The Hon’ble Court while analyzing the facts made some observation regarding the motive of the petitioner in approaching the court. The Court mentioned that the Petitioner did not come with the clean hand as he did not entail the details of the procurement of the various documents including FIRs and charge sheet against the respondent number 3. Further, they mentioned the various judgments including one Salil Sabhlok case,

“45. I have already held that it is for the Governor who is the appointing authority under Article 316 of the Constitution to lay down the procedure for appointment of the Chairman and Members of the Public Service Commission, but this is not to say that in the absence of any procedure laid down by the Governor for appointment of Chairman and Members of the   Public   Service   Commission   under   Article   316   of   the Constitution,   the   State   Government   would   have   absolute discretion   in   selecting   and   appointing   any   person   as   the Chairman   of   the   State   Public   Service   Commission.   Even where a procedure has not been laid down by the Governor for appointment of Chairman and Members of the Public Service Commission, the State Government has to select only persons with integrity and competence for appointment as Chairman of the Public Service Commission, because  the discretion vested in the State Government under Article 316 of the Constitution is impliedly limited by the purposes for which   the   discretion   is   vested   and   the   purposes   are discernible   from   the   functions   of   the   Public   Service Commission’s enumerated in Article 320 of the Constitution. Under clause (1) of Article 320 of the Constitution, the State Public   Service   Commission   has   the   duty   to   conduct examinations for appointments to the services of the State. Under  clause   (3)   of   Article  320,   the  State  Public  Service Commission has to be consulted by the State Government on matters relating to recruitment and appointment to the civil services and civil posts in the State, on disciplinary matters affecting a person serving under the Government of a State in a civil capacity, on claims by and in respect of a person who is serving under the State Government towards costs of defending a legal proceeding, on claims for award of pension in respect of injuries sustained by a person while serving under   the   State   Government   and   other   matters.   In   such matters, the State Public Service Commission is expected to act with independence from the State Government and with fairness, besides competence and maturity acquired through knowledge and experience of public administration.”
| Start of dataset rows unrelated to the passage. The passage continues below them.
text \<open>Representatives in SL(2,O_d) of the principal congruence subgroup Gamma_d(n) of
PSL(2,O_d): the kernel of reduction PSL(2,O_d) -> PSL(2,O_d/nO_d), i.e. matrices congruent
to +I or -I modulo n.\<close>
definition Gamma_d_n :: "nat \<Rightarrow> int \<Rightarrow> cmat set" where
  "Gamma_d_n d n = {(al, be, ga, de). al \<in> O_d d \<and> be \<in> O_d d \<and> ga \<in> O_d d \<and> de \<in> O_d d
       \<and> al * de - be * ga = 1
       \<and> ((cong_Od d n al 1 \<and> cong_Od d n be 0 \<and> cong_Od d n ga 0 \<and> cong_Od d n de 1)
          \<or> (cong_Od d n al (-1) \<and> cong_Od d n be 0 \<and> cong_Od d n ga 0 \<and> cong_Od d n de (-1)))}"

definition H3 :: "(complex \<times> real) set" where
  "H3 = {(z, t). t > 0}"

text \<open>Poincare extension of the Moebius transformation of a matrix to H^3.\<close>
definition mob_ext :: "cmat \<Rightarrow> complex \<times> real \<Rightarrow> complex \<times> real" where
  "mob_ext g p = (case g of (al, be, ga, de) \<Rightarrow> (case p of (z, t) \<Rightarrow>
     (let N = (cmod (ga * z + de))\<^sup>2 + (cmod ga)\<^sup>2 * t\<^sup>2 in
      (((al * z + be) * cnj (ga * z + de) + al * cnj ga * of_real (t\<^sup>2)) / of_real N, t / N))))"

definition Hplane :: "int \<Rightarrow> complex \<Rightarrow> int \<Rightarrow> (complex \<times> real) set" where
  "Hplane a B c = {(z, t). t > 0 \<and>
      of_int a * of_real ((cmod z)\<^sup>2 + t\<^sup>2) + B * z + cnj B * cnj z + of_int c = 0}"

definition disc :: "int \<Rightarrow> complex \<Rightarrow> int \<Rightarrow> real" where
  "disc a B c = (cmod B)\<^sup>2 - real_of_int (a * c)"

definition embedded_in :: "cmat set \<Rightarrow> (complex \<times> real) set \<Rightarrow> bool" where
  "embedded_in G H \<longleftrightarrow> (\<forall>g \<in> G. mob_ext g ` H = H \<or> mob_ext g ` H \<inter> H = {})"

end

theory Submission
  imports Defs "HOL-Library.Product_Plus"
begin

text \<open>A plane H is the zero set in H3 of a real form F = (A, B, C), and g in SL(2, C) maps the
zero set of the pulled back form g^*F onto that of F; pulling back preserves the discriminant.
For g in Gamma_d(n) and integral F, the difference g^*F - F is n times an integral form, so its
discriminant is n^2 k with k an integer. If g H meets H, then g^*F and F have a common zero in
H3, hence so do g^*F - F and g^*F + F, whose discriminants are n^2 k and 4 D - n^2 k by the
parallelogram law. As 4 D \<le> n \<le> n^2, one of them is nonpositive; but a nonzero form with
nonpositive discriminant has no zero in H3. Hence g^*F = F or g^*F = - F, and g H = H.\<close>

type_synonym hform = "real \<times> complex \<times> real"

fun hform_eval :: "hform \<Rightarrow> complex \<times> real \<Rightarrow> real" where
  "hform_eval (A, B, C) (z, t) = A * ((cmod z)\<^sup>2 + t\<^sup>2) + 2 * Re (B * z) + C"

fun hform_disc :: "hform \<Rightarrow> real" where
  "hform_disc (A, B, C) = (cmod B)\<^sup>2 - A * C"

definition hform_plane :: "hform \<Rightarrow> (complex \<times> real) set" where
  "hform_plane F = {p \<in> H3. hform_eval F p = 0}"

lemma of_real_hform_eval:
  "complex_of_real (hform_eval (A, B, C) (z, t))
     = of_real A * (z * cnj z + of_real (t\<^sup>2)) + B * z + cnj B * cnj z + of_real C"
  by (simp add: complex_eq_iff cmod_power2, simp add: power2_eq_square algebra_simps)

lemma hform_eval_add: "hform_eval (F + G) p = hform_eval F p + hform_eval G p"
  by (cases F; cases G; cases p) (simp add: algebra_simps)

lemma hform_eval_diff: "hform_eval (F - G) p = hform_eval F p - hform_eval G p"
  by (cases F; cases G; cases p) (simp add: algebra_simps)

lemma hform_eval_uminus: "hform_eval (- F) p = - hform_eval F p"
  by (cases F; cases p) (simp add: algebra_simps)

lemma hform_plane_uminus: "hform_plane (- F) = hform_plane F"
  by (simp add: hform_plane_def hform_eval_uminus)

lemma hform_disc_parallelogram:
  "hform_disc (F + G) + hform_disc (F - G) = 2 * hform_disc F + 2 * hform_disc G"
  by (cases F; cases G) (simp add: cmod_power2, simp add: power2_eq_square algebra_simps)

lemma hform_disc_pos_if_vanishes:
  assumes "F \<noteq> 0" and "p \<in> H3" and "hform_eval F p = 0"
  shows "hform_disc F > 0"
proof -
  obtain A B C z t where F: "F = (A, B, C)" and p: "p = (z, t)" by (cases F; cases p) auto
  have "t > 0" using assms(2) p by (simp add: H3_def)
  have "A * ((Re z)\<^sup>2 + (Im z)\<^sup>2 + t\<^sup>2) + 2 * (Re B * Re z - Im B * Im z) + C = 0"
    using assms(3) unfolding F p by (simp add: cmod_power2 algebra_simps)
  then have square: "(A * Re z + Re B)\<^sup>2 + (A * Im z - Im B)\<^sup>2 + (A * t)\<^sup>2 = hform_disc F"
    unfolding F by (simp add: cmod_power2) algebra
  show ?thesis
  proof (rule ccontr)
    assume "\<not> hform_disc F > 0"
    with square have "(A * t)\<^sup>2 \<le> 0" and "(A * Re z + Re B)\<^sup>2 + (A * Im z - Im B)\<^sup>2 \<le> 0"
      by (smt (verit) zero_le_power2)+
    then have "A = 0" "Re B = 0" "Im B = 0" using \<open>t > 0\<close>
      by (simp_all add: sum_power2_le_zero_iff)
    then have "C = 0" using assms(3) unfolding F p by simp
    with \<open>A = 0\<close> \<open>Re B = 0\<close> \<open>Im B = 0\<close> have "F = 0"
      unfolding F by (simp add: zero_prod_def complex_eq_iff)
    with assms(1) show False ..
  qed
qed

lemma hform_eq_or_neg_if_common_zero:
  fixes F G :: hform and n :: real and k :: int
  assumes "p \<in> H3" and "hform_eval F p = 0" and "hform_eval G p = 0"
    and "hform_disc G = hform_disc F"
    and "hform_disc (G - F) = n\<^sup>2 * of_int k"
    and "4 * hform_disc F \<le> n\<^sup>2"
  shows "G = F \<or> G = - F"
proof (cases "k \<le> 0")
  case True
  then have "hform_disc (G - F) \<le> 0" using assms(5) by (simp add: mult_nonneg_nonpos)
  moreover have "hform_eval (G - F) p = 0" using assms(2,3) by (simp add: hform_eval_diff)
  ultimately have "G - F = 0" using hform_disc_pos_if_vanishes[OF _ assms(1)] by fastforce
  then show ?thesis by simp
next
  case False
  have "hform_disc (G + F) = 4 * hform_disc F - n\<^sup>2 * of_int k"
    using hform_disc_parallelogram[of G F] assms(4,5) by simp
  also have "\<dots> \<le> 4 * hform_disc F - n\<^sup>2"
    using False by (simp add: mult_le_cancel_left1)
  also have "\<dots> \<le> 0" using assms(6) by simp
  finally have "hform_disc (G + F) \<le> 0" .
  moreover have "hform_eval (G + F) p = 0" using assms(2,3) by (simp add: hform_eval_add)
  ultimately have "G + F = 0" using hform_disc_pos_if_vanishes[OF _ assms(1)] by fastforce
  then show ?thesis by (simp add: eq_neg_iff_add_eq_0)
qed

fun mdet :: "cmat \<Rightarrow> complex" where
  "mdet (al, be, ga, de) = al * de - be * ga"

fun madj :: "cmat \<Rightarrow> cmat" where
  "madj (al, be, ga, de) = (de, - be, - ga, al)"

text \<open>With F read as the Hermitian matrix M = [[A, cnj B], [B, C]], so that
hform_eval F (z, 0) = v^* M v for v = (z, 1), the pullback is g^* M g, and hform_disc F = - det M.\<close>

fun hform_pullback :: "cmat \<Rightarrow> hform \<Rightarrow> hform" where
  "hform_pullback (al, be, ga, de) (A, B, C) =
     (A * (cmod al)\<^sup>2 + 2 * Re (B * al * cnj ga) + C * (cmod ga)\<^sup>2,
      of_real A * al * cnj be + B * al * cnj de + cnj B * cnj be * ga + of_real C * ga * cnj de,
      A * (cmod be)\<^sup>2 + 2 * Re (B * be * cnj de) + C * (cmod de)\<^sup>2)"
lemma lagrange_interpolation_prod:
  fixes u :: "nat \<Rightarrow> 'a::field" and p :: "'a poly"
  assumes inj: "inj_on u {..k}" and nz: "\<And>n. n \<le> k \<Longrightarrow> u n \<noteq> 0" and deg: "degree p \<le> k"
  shows "poly p b = (\<Sum>i\<le>k. poly p (inverse (u i)) / (\<Prod>n\<in>{..k}-{i}. 1 - inverse (u i) * u n)
                               * (\<Prod>n\<in>{..k}-{i}. 1 - b * u n))"
proof -
  define L where "L i = (\<Prod>n\<in>{..k}-{i}. [:1, - u n:])" for i
  define r where "r = (\<Sum>i\<le>k. smult (poly p (inverse (u i)) / poly (L i) (inverse (u i))) (L i))"
  have poly_L: "poly (L i) b = (\<Prod>n\<in>{..k}-{i}. 1 - b * u n)" for i b
    by (simp add: L_def poly_prod algebra_simps)
  have L_node: "poly (L i) (inverse (u j)) = 0 \<longleftrightarrow> i \<noteq> j" if "i \<le> k" "j \<le> k" for i j
  proof -
    have "inverse (u j) * u n = 1 \<longleftrightarrow> n = j" if "n \<le> k" for n
      using inj nz \<open>j \<le> k\<close> that by (auto simp: field_simps inj_on_def)
    then show ?thesis
      unfolding poly_L using that by auto
  qed
  have "degree (L i) \<le> k" if "i \<le> k" for i
    using degree_prod_linear_le [of "\<lambda>_. 1" "\<lambda>n. - u n" "{..k}-{i}"] that by (simp add: L_def)
  then have deg_r: "degree r \<le> k"
    unfolding r_def by (intro degree_sum_le) (auto intro: order.trans [OF degree_smult_le])
  have "p = r"
  proof (rule poly_eqI_degree [of "(\<lambda>n. inverse (u n)) ` {..k}"])
    fix y assume "y \<in> (\<lambda>n. inverse (u n)) ` {..k}"
    then obtain j where j: "j \<le> k" "y = inverse (u j)" by auto
    have "poly r y = (\<Sum>i\<le>k. if i = j then poly p y else 0)"
      unfolding r_def poly_sum poly_smult using j L_node
      by (intro sum.cong) (auto simp: poly_L nz)
    then show "poly p y = poly r y"
      using j by simp
  next
    have "card ((\<lambda>n. inverse (u n)) ` {..k}) = Suc k"
      using inj by (simp add: card_image inj_on_def)
    then show "degree p < card ((\<lambda>n. inverse (u n)) ` {..k})"
      and "degree r < card ((\<lambda>n. inverse (u n)) ` {..k})"
      using deg deg_r by simp_all
  qed
  then have "poly p b = poly r b"
    by simp
  then show ?thesis
    by (simp add: r_def poly_sum poly_L)
qed

lemma partial_fractions_prod:
  fixes u :: "nat \<Rightarrow> 'a::field" and p :: "'a poly"
  assumes "inj_on u {..k}" "\<And>n. n \<le> k \<Longrightarrow> u n \<noteq> 0" "degree p \<le> k"
    and pole: "\<And>n. n \<le> k \<Longrightarrow> b * u n \<noteq> 1"
  shows "poly p b / (\<Prod>n\<le>k. 1 - b * u n)
       = (\<Sum>i\<le>k. poly p (inverse (u i)) / (\<Prod>n\<in>{..k}-{i}. 1 - inverse (u i) * u n) / (1 - b * u i))"
proof -
  have "poly p b = (\<Sum>i\<le>k. poly p (inverse (u i)) / (\<Prod>n\<in>{..k}-{i}. 1 - inverse (u i) * u n)
                               * (\<Prod>n\<in>{..k}-{i}. 1 - b * u n))"
    using assms(1-3) by (rule lagrange_interpolation_prod)
  moreover have "(\<Prod>n\<le>k. 1 - b * u n) = (1 - b * u i) * (\<Prod>n\<in>{..k}-{i}. 1 - b * u n)"
    and "(\<Prod>n\<in>{..k}-{i}. 1 - b * u n) \<noteq> 0" if "i \<le> k" for i
    using that pole by (auto simp: prod.remove)
  ultimately show ?thesis
    by (simp add: sum_divide_distrib)
qed

lemma prod_power_plus_inverse_power:
  fixes x :: real
  assumes "x \<noteq> 0"
  shows "(\<Prod>n=1..k. x ^ n + inverse (x ^ i)) * x ^ (i * k) = qpoch (- (x ^ (i + 1))) x k"
proof (induction k)
  case (Suc k)
  have "(x ^ Suc k + inverse (x ^ i)) * x ^ i = 1 + x ^ (i + 1) * x ^ k"
    using assms by (simp add: field_simps power_add)
  then show ?case
    using Suc by (simp add: prod.nat_ivl_Suc' power_add algebra_simps)
qed simp

text \<open>The triangular power prod_{m<i} x^(m+1) = x^(i(i+1)/2) occurring here and in the next
  lemma cancels once the two are combined.\<close>

lemma qpoch_inverse_power:
  fixes x :: real
  assumes "x \<noteq> 0" "i \<le> k"
  shows "qpoch (inverse (x ^ k)) x i * x ^ (i * k + i) * qpoch x x (k - i)
       = (-1) ^ i * qpoch x x k * (\<Prod>m<i. x ^ Suc m)"
  using assms(2)
proof (induction i)
  case (Suc i)
  then obtain d where d: "k = Suc i + d"
    using le_Suc_ex by blast
  define Q where "Q = qpoch (inverse (x ^ k)) x i * x ^ (i * k + i)"
  have factor: "(1 - inverse (x ^ k) * x ^ i) * x ^ k = - (x ^ i * (1 - x * x ^ d))"
    using assms(1) by (simp add: d field_simps power_add)
  have "qpoch (inverse (x ^ k)) x (Suc i) * x ^ (Suc i * k + Suc i) * qpoch x x (k - Suc i)
      = Q * qpoch x x d * x * ((1 - inverse (x ^ k) * x ^ i) * x ^ k)"
    by (simp add: Q_def d power_add mult_ac)
  also have "\<dots> = (Q * qpoch x x (k - i)) * (- (x ^ Suc i))"
    unfolding factor by (simp add: d Suc_diff_le mult_ac)
  finally show ?case
    using Suc by (simp add: Q_def algebra_simps)
qed simp

lemma lagrange_denominator_power:
  fixes x :: real
  assumes "x \<noteq> 0" "i \<le> k"
  shows "(\<Prod>n\<in>{..k}-{i}. 1 - inverse (x ^ i) * x ^ n) * (\<Prod>m<i. x ^ Suc m)
       = (-1) ^ i * qpoch x x i * qpoch x x (k - i)"
proof -
  have split: "{..k}-{i} = {..<i} \<union> {i<..k}"
    using assms by auto
  have "(\<Prod>n<i. 1 - inverse (x ^ i) * x ^ n) = (\<Prod>m<i. 1 - inverse (x ^ i) * x ^ (i - Suc m))"
    by (rule prod.reindex_bij_witness [where i="\<lambda>m. i - Suc m" and j="\<lambda>m. i - Suc m"]) auto
  also have "\<dots> = (\<Prod>m<i. 1 - inverse (x ^ Suc m))"
  proof (rule prod.cong)
    fix m assume "m \<in> {..<i}"
    then have "x ^ i = x ^ (i - Suc m) * x ^ Suc m"
      by (simp flip: power_add del: power_Suc)
    then show "1 - inverse (x ^ i) * x ^ (i - Suc m) = 1 - inverse (x ^ Suc m)"
      using assms by (simp add: field_simps)
  qed simp
  finally have "(\<Prod>n<i. 1 - inverse (x ^ i) * x ^ n) * (\<Prod>m<i. x ^ Suc m)
      = (\<Prod>m<i. (1 - inverse (x ^ Suc m)) * x ^ Suc m)"
    by (simp add: prod.distrib)
  also have "\<dots> = (\<Prod>m<i. - 1 * (1 - x * x ^ m))"
    using assms by (intro prod.cong) (simp_all add: field_simps)
  also have "\<dots> = (-1) ^ i * qpoch x x i"
    unfolding prod.distrib qpoch_def by simp
  finally have low: "(\<Prod>n<i. 1 - inverse (x ^ i) * x ^ n) * (\<Prod>m<i. x ^ Suc m) = (-1) ^ i * qpoch x x i" .
  have high: "qpoch x x (k - i) = (\<Prod>n\<in>{i<..k}. 1 - inverse (x ^ i) * x ^ n)"
    unfolding qpoch_def
    by (rule prod.reindex_bij_witness [where i="\<lambda>n. n - Suc i" and j="\<lambda>m. m + Suc i"])
       (use assms in \<open>auto simp: field_simps power_add\<close>)
  have "(\<Prod>n\<in>{..k}-{i}. 1 - inverse (x ^ i) * x ^ n)
      = (\<Prod>n<i. 1 - inverse (x ^ i) * x ^ n) * (\<Prod>n\<in>{i<..k}. 1 - inverse (x ^ i) * x ^ n)"
    unfolding split by (rule prod.union_disjoint) auto
  then show ?thesis
    by (simp only: high flip: low) (simp only: ac_simps)
qed

lemma qpoch_inverse_power_lagrange_denominator:
  fixes x :: real
  assumes "0 < x" "x < 1" "i \<le> k"
  shows "qpoch (inverse (x ^ k)) x i * x ^ (i * k + i) * (\<Prod>n\<in>{..k}-{i}. 1 - inverse (x ^ i) * x ^ n)
       = qpoch x x k * qpoch x x i"
proof -
  define T where "T = (\<Prod>m<i. x ^ Suc m)"
  have "0 < qpoch x x (k - i)"
    by (rule qpoch_pos) (use assms in auto)
  then have nz: "T * qpoch x x (k - i) \<noteq> 0"
    using assms by (simp add: T_def)
  have "(qpoch (inverse (x ^ k)) x i * x ^ (i * k + i) * (\<Prod>n\<in>{..k}-{i}. 1 - inverse (x ^ i) * x ^ n))
        * (T * qpoch x x (k - i))
      = (qpoch (inverse (x ^ k)) x i * x ^ (i * k + i) * qpoch x x (k - i))
        * ((\<Prod>n\<in>{..k}-{i}. 1 - inverse (x ^ i) * x ^ n) * T)"
    by (simp only: ac_simps)
  also have "\<dots> = ((-1) ^ i * (-1) ^ i) * (qpoch x x k * qpoch x x i) * (T * qpoch x x (k - i))"
    using qpoch_inverse_power [of x i k] lagrange_denominator_power [of x i k] assms unfolding T_def
    by (simp only: less_imp_neq not_sym ac_simps)
  finally show ?thesis
    using nz by (simp flip: power_add)
qed

lemma partial_fraction_coefficient:
  fixes x :: real
  assumes x: "0 < x" "x < 1" and "0 < k" "i \<le> k"
  shows "(\<Prod>n=1..k. x ^ n + inverse (x ^ i)) / (\<Prod>n\<in>{..k}-{i}. 1 - inverse (x ^ i) * x ^ n)
           / (1 - x ^ k * x ^ i)
       = qpoch (- x) x k / ((1 - x ^ k) * qpoch x x k)
         * (qpoch (- (x ^ k * x)) x i * qpoch (x ^ k) x i * qpoch (inverse (x ^ k)) x i
            / (qpoch (- x) x i * qpoch (x ^ k * x) x i * qpoch x x i) * x ^ i)"
proof -
  have "x ^ k < 1" "x ^ k * x ^ i < 1" "x ^ k * x < 1"
    using assms power_less_one_iff [of x "k + i"] power_less_one_iff [of x "Suc k"]
    by (simp_all add: power_less_one_iff power_add mult.commute)
  then have pos: "0 < qpoch x x k" "0 < qpoch x x i" "0 < qpoch (- x) x k" "0 < qpoch (- x) x i"
    "0 < qpoch (x ^ k * x) x i"
    using x by (auto intro!: qpoch_pos)
  note node_eq = qpoch_inverse_power_lagrange_denominator [OF assms(1,2,4)]
  then have "qpoch (inverse (x ^ k)) x i \<noteq> 0"
    using pos by auto
  with node_eq x have nodes: "(\<Prod>n\<in>{..k}-{i}. 1 - inverse (x ^ i) * x ^ n)
      = qpoch x x k * qpoch x x i / (qpoch (inverse (x ^ k)) x i * x ^ (i * k + i))"
    by (simp add: field_simps)
  have "qpoch (- x) x k * qpoch (- (x ^ k * x)) x i = qpoch (- x) x i * qpoch (- (x ^ (i + 1))) x k"
    using qpoch_add [of "- x" x k i] qpoch_add [of "- x" x i k] by (simp add: add.commute mult.commute)
  then have upper: "qpoch (- (x ^ k * x)) x i = qpoch (- x) x i * qpoch (- (x ^ (i + 1))) x k / qpoch (- x) x k"
    using pos by (simp add: field_simps)
  have "qpoch (x ^ k) x i * (1 - x ^ k * x ^ i) = (1 - x ^ k) * qpoch (x ^ k * x) x i"
    by (rule qpoch_shift)
  then have lower: "qpoch (x ^ k) x i = (1 - x ^ k) * qpoch (x ^ k * x) x i / (1 - x ^ k * x ^ i)"
    using \<open>x ^ k * x ^ i < 1\<close> by (simp add: field_simps)
  have "(\<Prod>n=1..k. x ^ n + inverse (x ^ i)) * x ^ (i * k) = qpoch (- (x ^ (i + 1))) x k"
    using x by (intro prod_power_plus_inverse_power) simp
  then have numerator: "(\<Prod>n=1..k. x ^ n + inverse (x ^ i)) = qpoch (- (x ^ (i + 1))) x k / x ^ (i * k)"
    using x by (simp add: field_simps)
  show ?thesis
    unfolding numerator nodes upper lower
    using pos x \<open>x ^ k < 1\<close> \<open>x ^ k * x ^ i < 1\<close> \<open>qpoch (inverse (x ^ k)) x i \<noteq> 0\<close>
    by (simp add: divide_simps power_add)
qed

lemma partial_fractions_phi32:
  fixes x :: real
  assumes x: "0 < x" "x < 1" and "0 < k"
  shows "(\<Prod>n=1..k. x ^ n + x ^ k) / (\<Prod>n\<le>k. 1 - x ^ k * x ^ n)
       = qpoch (- x) x k / ((1 - x ^ k) * qpoch x x k)
         * phi32 (- (x ^ k * x)) (x ^ k) (inverse (x ^ k)) (- x) (x ^ k * x) x x"
proof -
  define P where "P = (\<Prod>n\<in>{1..k}. [:x ^ n, 1:])"
  have poly_P: "poly P y = (\<Prod>n=1..k. x ^ n + y)" for y
    by (simp add: P_def poly_prod)
  have "degree P \<le> k"
    using degree_prod_linear_le [of "\<lambda>n. x ^ n" "\<lambda>_. 1" "{1..k}"] by (simp add: P_def)
  moreover have "x ^ k * x ^ n \<noteq> 1" for n
    using assms power_less_one_iff [of x "k + n"] by (simp flip: power_add)
  ultimately have "poly P (x ^ k) / (\<Prod>n\<le>k. 1 - x ^ k * x ^ n)
      = (\<Sum>i\<le>k. poly P (inverse (x ^ i)) / (\<Prod>n\<in>{..k}-{i}. 1 - inverse (x ^ i) * x ^ n)
                   / (1 - x ^ k * x ^ i))"
    using x by (intro partial_fractions_prod power_inj_on_less_1) auto
  also have "\<dots> = (\<Sum>i\<le>k. qpoch (- x) x k / ((1 - x ^ k) * qpoch x x k)
      * (qpoch (- (x ^ k * x)) x i * qpoch (x ^ k) x i * qpoch (inverse (x ^ k)) x i
         / (qpoch (- x) x i * qpoch (x ^ k * x) x i * qpoch x x i) * x ^ i))"
    unfolding poly_P using assms by (intro sum.cong refl partial_fraction_coefficient) auto
  also have "\<dots> = qpoch (- x) x k / ((1 - x ^ k) * qpoch x x k)
      * phi32 (- (x ^ k * x)) (x ^ k) (inverse (x ^ k)) (- x) (x ^ k * x) x x"
    using x by (simp add: phi32_terminating sum_distrib_left)
  finally show ?thesis
    unfolding poly_P .
qed

theorem mainTheorem2:
  fixes q :: real and k :: nat
  assumes "0 < q" "q < 1" "1 \<le> k"
  shows "q ^ k * (\<Prod>n=1..k. (q ^ (2*n) + q ^ (2*k))) / (\<Prod>n=0..k. (1 - q ^ (2*n + 2*k)))
       = - (q ^ k * qpoch (- (q^2)) (q^2) k / ((q ^ (2*k) - 1) * qpoch (q^2) (q^2) k))
         * phi32 (- (q ^ (2*k+2))) (q ^ (2*k)) (inverse (q ^ (2*k))) (- (q^2)) (q ^ (2*k+2)) (q^2) (q^2)"
proof -
  define x where "x = q ^ 2"
  have "0 < x" "x < 1"
    using assms by (simp_all add: x_def power_less_one_iff)
  then have identity: "(\<Prod>n=1..k. x ^ n + x ^ k) / (\<Prod>n\<le>k. 1 - x ^ k * x ^ n)
      = qpoch (- x) x k / ((1 - x ^ k) * qpoch x x k)
        * phi32 (- (x ^ k * x)) (x ^ k) (inverse (x ^ k)) (- x) (x ^ k * x) x x"
    using assms by (intro partial_fractions_phi32) auto
  have even_power: "q ^ (2 * n) = x ^ n" for n
    by (simp add: x_def power_mult)
  have powers: "q ^ (2 * n + 2 * k) = x ^ k * x ^ n" "q ^ (2 * k + 2) = x ^ k * x" for n
    by (simp_all only: power_add even_power mult.commute [of "x ^ n"] flip: x_def)
  have "x ^ k - 1 = - (1 - x ^ k)"
    by simp
  then have prefactor: "- (q ^ k * qpoch (- x) x k / ((x ^ k - 1) * qpoch x x k))
      = q ^ k * (qpoch (- x) x k / ((1 - x ^ k) * qpoch x x k))"
    by (simp only: mult_minus_left divide_minus_right minus_minus times_divide_eq_right)
  show ?thesis
    unfolding even_power powers x_def [symmetric] atLeast0AtMost prefactor
    using identity by (metis mult.assoc times_divide_eq_right)
qed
“46………Accordingly, if these relevant factors are not taken into consideration by the State Government while selecting and   appointing   the   Chairman   of   the   Public   Service Commission,   the   Court   can   hold   the   selection   and appointment as not in accordance with the Constitution. To quote De Smith’s Judicial Review, Sixth Edition: “If the exercise of a discretionary power has been influenced by   considerations   that   cannot   lawfully   be   taken   into account,   or   by   the   disregard   of   relevant   considerations required to be taken into account (expressly or impliedly), a court will normally hold that the power has not been validly exercised. (Page 280) If the relevant factors are not specified (e.g. if the power is merely   to   grant   or   refuse   a   license,   or   to   attach   such conditions as the competent authority thinks fit), it is for the courts to determine whether the permissible considerations are impliedly restricted, and, if so, to what extent (Page282)”

The court finally observed that the said respondent has fulfilled the criteria given under the constitution and contended FIRs too have discharged her name and she is eligible to remain on her post. The Court, though, has suggested the State of Himachal Pradesh to step in and take urgent steps to frame memorandum of procedure and parameters fort the selection and appointment of the chairperson and member of the commission so that arbitrariness can be eliminated. The petition was dismissed without any cost.